» Material provided
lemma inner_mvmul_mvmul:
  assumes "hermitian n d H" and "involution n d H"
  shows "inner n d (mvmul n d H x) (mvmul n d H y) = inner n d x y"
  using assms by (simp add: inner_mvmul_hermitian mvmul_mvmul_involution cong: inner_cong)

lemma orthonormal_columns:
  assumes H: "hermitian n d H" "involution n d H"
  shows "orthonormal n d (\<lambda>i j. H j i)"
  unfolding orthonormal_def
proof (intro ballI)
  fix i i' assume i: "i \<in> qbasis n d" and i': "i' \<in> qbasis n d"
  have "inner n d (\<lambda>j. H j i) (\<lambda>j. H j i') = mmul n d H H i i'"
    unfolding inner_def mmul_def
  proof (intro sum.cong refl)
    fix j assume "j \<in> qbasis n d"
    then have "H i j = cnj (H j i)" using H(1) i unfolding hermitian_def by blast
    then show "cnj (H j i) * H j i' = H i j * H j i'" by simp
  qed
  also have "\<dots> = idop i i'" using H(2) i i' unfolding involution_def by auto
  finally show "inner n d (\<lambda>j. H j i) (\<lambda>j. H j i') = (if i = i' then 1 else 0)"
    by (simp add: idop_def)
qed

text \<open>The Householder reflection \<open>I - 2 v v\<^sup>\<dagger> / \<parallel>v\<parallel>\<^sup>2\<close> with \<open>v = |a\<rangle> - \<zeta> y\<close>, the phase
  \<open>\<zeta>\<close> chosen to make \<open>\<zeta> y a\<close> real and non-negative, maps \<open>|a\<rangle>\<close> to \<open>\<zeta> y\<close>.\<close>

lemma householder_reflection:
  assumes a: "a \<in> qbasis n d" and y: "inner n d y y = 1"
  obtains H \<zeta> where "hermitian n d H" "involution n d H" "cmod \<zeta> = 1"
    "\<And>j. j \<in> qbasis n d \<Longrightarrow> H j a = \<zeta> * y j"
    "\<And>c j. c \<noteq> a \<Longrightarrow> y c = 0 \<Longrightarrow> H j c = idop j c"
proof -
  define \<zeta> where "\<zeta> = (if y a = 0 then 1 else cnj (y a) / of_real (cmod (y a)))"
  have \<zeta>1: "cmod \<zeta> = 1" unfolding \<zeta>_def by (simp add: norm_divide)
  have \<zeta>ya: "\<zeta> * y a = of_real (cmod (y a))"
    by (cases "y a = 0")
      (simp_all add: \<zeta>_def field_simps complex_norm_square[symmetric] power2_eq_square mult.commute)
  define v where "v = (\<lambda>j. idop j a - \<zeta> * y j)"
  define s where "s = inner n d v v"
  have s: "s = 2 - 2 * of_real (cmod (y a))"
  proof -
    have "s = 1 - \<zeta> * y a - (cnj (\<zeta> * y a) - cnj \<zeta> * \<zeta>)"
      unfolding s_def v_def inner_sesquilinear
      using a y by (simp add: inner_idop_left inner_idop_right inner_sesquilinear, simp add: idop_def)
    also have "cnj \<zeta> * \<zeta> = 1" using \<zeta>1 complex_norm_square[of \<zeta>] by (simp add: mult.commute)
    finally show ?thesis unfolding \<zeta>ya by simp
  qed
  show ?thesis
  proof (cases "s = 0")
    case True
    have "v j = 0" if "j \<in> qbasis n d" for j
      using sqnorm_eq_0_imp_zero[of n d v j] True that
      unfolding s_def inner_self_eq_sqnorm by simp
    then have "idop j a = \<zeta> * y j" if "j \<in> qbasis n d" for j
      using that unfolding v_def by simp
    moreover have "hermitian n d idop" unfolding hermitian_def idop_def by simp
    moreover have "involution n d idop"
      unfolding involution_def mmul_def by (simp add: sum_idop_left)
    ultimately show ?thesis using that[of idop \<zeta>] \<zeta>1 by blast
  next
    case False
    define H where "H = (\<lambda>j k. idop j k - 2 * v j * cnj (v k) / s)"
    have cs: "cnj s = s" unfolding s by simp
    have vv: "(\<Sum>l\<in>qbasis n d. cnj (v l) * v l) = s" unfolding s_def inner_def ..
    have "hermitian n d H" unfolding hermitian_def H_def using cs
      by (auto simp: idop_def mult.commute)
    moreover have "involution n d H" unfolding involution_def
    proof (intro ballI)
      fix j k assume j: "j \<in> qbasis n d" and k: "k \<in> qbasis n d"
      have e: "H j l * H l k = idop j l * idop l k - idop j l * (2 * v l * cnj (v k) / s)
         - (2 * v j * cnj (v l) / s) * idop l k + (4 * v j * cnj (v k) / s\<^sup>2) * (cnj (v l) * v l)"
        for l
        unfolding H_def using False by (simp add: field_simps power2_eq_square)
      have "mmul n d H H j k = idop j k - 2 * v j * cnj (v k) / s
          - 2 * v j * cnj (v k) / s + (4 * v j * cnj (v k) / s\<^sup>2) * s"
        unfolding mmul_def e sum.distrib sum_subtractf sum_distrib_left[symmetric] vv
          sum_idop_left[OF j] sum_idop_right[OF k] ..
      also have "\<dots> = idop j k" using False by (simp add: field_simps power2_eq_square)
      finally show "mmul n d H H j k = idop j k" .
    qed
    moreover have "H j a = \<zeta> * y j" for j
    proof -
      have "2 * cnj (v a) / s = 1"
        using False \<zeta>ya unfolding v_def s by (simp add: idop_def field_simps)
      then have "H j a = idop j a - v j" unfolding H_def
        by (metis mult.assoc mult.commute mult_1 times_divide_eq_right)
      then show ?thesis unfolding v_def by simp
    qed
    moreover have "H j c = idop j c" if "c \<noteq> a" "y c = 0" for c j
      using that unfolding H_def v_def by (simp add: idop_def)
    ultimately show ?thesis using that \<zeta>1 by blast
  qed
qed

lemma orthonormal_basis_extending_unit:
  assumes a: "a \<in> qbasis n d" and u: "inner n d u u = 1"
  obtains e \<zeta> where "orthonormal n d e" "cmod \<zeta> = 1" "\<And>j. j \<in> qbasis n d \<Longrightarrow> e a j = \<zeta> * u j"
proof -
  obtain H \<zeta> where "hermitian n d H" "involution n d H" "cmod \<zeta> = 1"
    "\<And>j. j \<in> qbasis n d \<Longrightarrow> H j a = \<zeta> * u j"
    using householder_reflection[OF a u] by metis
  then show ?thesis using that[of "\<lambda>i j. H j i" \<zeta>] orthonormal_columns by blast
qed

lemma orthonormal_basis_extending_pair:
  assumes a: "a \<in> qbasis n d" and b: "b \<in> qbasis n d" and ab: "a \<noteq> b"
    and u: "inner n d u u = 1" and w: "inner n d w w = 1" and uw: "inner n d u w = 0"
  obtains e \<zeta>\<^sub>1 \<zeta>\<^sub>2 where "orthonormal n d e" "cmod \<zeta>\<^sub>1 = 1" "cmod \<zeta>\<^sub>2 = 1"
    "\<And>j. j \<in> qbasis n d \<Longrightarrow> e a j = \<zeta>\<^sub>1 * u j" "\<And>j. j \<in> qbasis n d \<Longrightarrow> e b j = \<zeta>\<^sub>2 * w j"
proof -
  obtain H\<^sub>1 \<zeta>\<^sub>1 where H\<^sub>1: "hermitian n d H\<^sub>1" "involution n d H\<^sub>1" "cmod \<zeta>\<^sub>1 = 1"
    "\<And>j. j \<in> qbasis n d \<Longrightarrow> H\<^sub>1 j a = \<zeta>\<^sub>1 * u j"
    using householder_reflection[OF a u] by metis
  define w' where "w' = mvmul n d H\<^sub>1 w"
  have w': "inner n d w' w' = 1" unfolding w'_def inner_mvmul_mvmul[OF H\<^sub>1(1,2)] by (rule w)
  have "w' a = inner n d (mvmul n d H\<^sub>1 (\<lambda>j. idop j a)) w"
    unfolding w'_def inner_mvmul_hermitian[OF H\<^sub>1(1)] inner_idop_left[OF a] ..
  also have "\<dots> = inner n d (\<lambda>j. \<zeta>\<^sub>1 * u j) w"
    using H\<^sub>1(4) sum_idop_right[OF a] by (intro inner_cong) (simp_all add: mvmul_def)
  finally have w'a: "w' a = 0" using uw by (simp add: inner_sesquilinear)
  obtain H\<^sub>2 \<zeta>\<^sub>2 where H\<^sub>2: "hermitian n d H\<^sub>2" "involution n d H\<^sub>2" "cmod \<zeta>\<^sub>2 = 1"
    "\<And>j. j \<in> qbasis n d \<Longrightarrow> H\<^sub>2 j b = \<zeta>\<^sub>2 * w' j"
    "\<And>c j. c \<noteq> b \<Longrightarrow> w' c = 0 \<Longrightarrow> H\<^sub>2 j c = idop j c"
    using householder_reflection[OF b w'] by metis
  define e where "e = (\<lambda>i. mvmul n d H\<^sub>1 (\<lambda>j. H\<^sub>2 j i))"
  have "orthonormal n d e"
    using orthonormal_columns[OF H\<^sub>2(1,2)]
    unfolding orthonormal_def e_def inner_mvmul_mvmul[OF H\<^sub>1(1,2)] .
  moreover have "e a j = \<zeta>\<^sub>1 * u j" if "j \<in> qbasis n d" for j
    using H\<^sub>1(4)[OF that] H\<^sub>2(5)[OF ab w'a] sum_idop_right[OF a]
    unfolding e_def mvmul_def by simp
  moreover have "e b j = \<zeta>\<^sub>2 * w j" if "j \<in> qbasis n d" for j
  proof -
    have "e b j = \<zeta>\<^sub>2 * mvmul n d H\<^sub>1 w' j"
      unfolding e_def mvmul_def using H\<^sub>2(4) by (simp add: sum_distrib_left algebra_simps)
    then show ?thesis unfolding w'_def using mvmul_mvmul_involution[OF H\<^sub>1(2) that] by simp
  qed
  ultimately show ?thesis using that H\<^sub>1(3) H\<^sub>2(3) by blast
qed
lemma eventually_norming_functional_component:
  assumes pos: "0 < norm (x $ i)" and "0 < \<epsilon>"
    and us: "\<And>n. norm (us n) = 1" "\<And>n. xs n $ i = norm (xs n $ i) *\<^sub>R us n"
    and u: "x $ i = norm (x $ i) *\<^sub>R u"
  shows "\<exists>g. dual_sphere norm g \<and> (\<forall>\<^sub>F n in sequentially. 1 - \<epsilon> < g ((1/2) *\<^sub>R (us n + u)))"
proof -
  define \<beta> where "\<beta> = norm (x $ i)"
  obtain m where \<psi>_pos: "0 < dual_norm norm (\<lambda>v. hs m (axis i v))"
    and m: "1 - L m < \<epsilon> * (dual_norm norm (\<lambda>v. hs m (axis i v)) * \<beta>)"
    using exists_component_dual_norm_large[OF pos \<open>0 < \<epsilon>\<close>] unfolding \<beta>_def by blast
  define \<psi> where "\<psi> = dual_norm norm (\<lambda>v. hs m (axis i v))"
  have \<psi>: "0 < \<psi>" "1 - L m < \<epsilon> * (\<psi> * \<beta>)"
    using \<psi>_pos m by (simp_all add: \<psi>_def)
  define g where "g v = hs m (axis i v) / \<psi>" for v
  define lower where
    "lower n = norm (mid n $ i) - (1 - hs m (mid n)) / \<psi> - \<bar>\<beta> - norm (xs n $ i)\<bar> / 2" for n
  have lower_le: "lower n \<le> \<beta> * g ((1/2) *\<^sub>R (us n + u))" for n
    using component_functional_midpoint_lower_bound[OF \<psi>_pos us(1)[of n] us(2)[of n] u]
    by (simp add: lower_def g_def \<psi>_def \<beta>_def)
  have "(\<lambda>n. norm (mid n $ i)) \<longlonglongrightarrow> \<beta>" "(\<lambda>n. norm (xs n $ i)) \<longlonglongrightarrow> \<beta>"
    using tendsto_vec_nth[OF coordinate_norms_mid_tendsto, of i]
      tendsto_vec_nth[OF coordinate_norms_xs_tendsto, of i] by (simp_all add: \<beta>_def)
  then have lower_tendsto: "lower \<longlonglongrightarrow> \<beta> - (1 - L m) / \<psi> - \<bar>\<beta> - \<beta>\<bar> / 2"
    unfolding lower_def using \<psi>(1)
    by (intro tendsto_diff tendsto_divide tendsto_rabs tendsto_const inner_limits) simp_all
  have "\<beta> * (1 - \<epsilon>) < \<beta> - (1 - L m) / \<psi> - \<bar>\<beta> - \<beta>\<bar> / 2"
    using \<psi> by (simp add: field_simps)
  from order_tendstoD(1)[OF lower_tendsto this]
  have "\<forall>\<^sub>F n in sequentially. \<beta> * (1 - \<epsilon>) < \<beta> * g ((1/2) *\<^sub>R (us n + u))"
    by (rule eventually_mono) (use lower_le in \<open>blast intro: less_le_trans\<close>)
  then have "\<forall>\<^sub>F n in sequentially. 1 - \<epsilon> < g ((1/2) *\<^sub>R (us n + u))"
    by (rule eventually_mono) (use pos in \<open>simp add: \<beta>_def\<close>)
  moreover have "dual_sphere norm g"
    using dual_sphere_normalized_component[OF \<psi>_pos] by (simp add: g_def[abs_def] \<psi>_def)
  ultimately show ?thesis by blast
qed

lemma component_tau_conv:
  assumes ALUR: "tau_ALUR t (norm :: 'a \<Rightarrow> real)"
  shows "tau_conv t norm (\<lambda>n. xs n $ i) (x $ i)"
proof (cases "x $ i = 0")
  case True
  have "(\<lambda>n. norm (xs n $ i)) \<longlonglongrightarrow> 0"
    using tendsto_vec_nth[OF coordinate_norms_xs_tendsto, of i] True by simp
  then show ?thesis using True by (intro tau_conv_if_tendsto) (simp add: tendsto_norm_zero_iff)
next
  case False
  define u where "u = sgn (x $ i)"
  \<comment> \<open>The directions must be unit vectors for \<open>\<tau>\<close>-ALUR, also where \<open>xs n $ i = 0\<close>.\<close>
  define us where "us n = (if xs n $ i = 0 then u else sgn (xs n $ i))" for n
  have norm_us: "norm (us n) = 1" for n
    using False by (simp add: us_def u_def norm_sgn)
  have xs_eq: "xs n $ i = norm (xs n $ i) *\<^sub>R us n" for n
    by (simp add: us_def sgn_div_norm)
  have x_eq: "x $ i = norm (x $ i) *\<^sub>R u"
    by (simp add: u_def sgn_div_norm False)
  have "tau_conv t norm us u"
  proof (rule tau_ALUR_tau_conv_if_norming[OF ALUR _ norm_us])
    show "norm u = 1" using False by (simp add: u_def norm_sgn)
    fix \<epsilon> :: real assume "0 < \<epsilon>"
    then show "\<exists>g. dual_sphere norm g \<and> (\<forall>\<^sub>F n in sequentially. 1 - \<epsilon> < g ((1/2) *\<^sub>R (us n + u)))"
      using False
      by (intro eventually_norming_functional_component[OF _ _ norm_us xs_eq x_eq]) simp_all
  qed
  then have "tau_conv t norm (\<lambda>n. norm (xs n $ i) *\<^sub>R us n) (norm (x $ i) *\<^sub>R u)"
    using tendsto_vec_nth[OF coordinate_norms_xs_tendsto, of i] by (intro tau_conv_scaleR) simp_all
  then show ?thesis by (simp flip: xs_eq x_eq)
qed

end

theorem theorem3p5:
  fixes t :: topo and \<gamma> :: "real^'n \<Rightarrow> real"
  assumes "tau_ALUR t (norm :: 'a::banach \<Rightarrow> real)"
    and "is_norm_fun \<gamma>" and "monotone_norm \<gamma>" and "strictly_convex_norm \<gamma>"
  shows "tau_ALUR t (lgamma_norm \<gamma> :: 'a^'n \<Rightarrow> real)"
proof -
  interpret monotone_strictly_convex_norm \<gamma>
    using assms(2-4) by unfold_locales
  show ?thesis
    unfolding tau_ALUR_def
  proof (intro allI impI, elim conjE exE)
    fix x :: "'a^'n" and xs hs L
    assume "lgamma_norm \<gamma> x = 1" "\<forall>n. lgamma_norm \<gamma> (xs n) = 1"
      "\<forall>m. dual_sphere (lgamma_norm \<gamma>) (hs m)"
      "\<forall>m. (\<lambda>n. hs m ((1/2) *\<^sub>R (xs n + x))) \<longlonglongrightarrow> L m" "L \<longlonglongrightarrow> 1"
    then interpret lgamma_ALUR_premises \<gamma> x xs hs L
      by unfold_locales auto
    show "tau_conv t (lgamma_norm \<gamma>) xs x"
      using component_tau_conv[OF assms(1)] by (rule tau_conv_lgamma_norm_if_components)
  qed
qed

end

» Assigned task
Copy exactly the lines that run from the first line of the data to the line containing "fix j assume", please, with both ends included and nothing else.

» Output
lemma inner_mvmul_mvmul:
  assumes "hermitian n d H" and "involution n d H"
  shows "inner n d (mvmul n d H x) (mvmul n d H y) = inner n d x y"
  using assms by (simp add: inner_mvmul_hermitian mvmul_mvmul_involution cong: inner_cong)

lemma orthonormal_columns:
  assumes H: "hermitian n d H" "involution n d H"
  shows "orthonormal n d (\<lambda>i j. H j i)"
  unfolding orthonormal_def
proof (intro ballI)
  fix i i' assume i: "i \<in> qbasis n d" and i': "i' \<in> qbasis n d"
  have "inner n d (\<lambda>j. H j i) (\<lambda>j. H j i') = mmul n d H H i i'"
    unfolding inner_def mmul_def
  proof (intro sum.cong refl)
    fix j assume "j \<in> qbasis n d"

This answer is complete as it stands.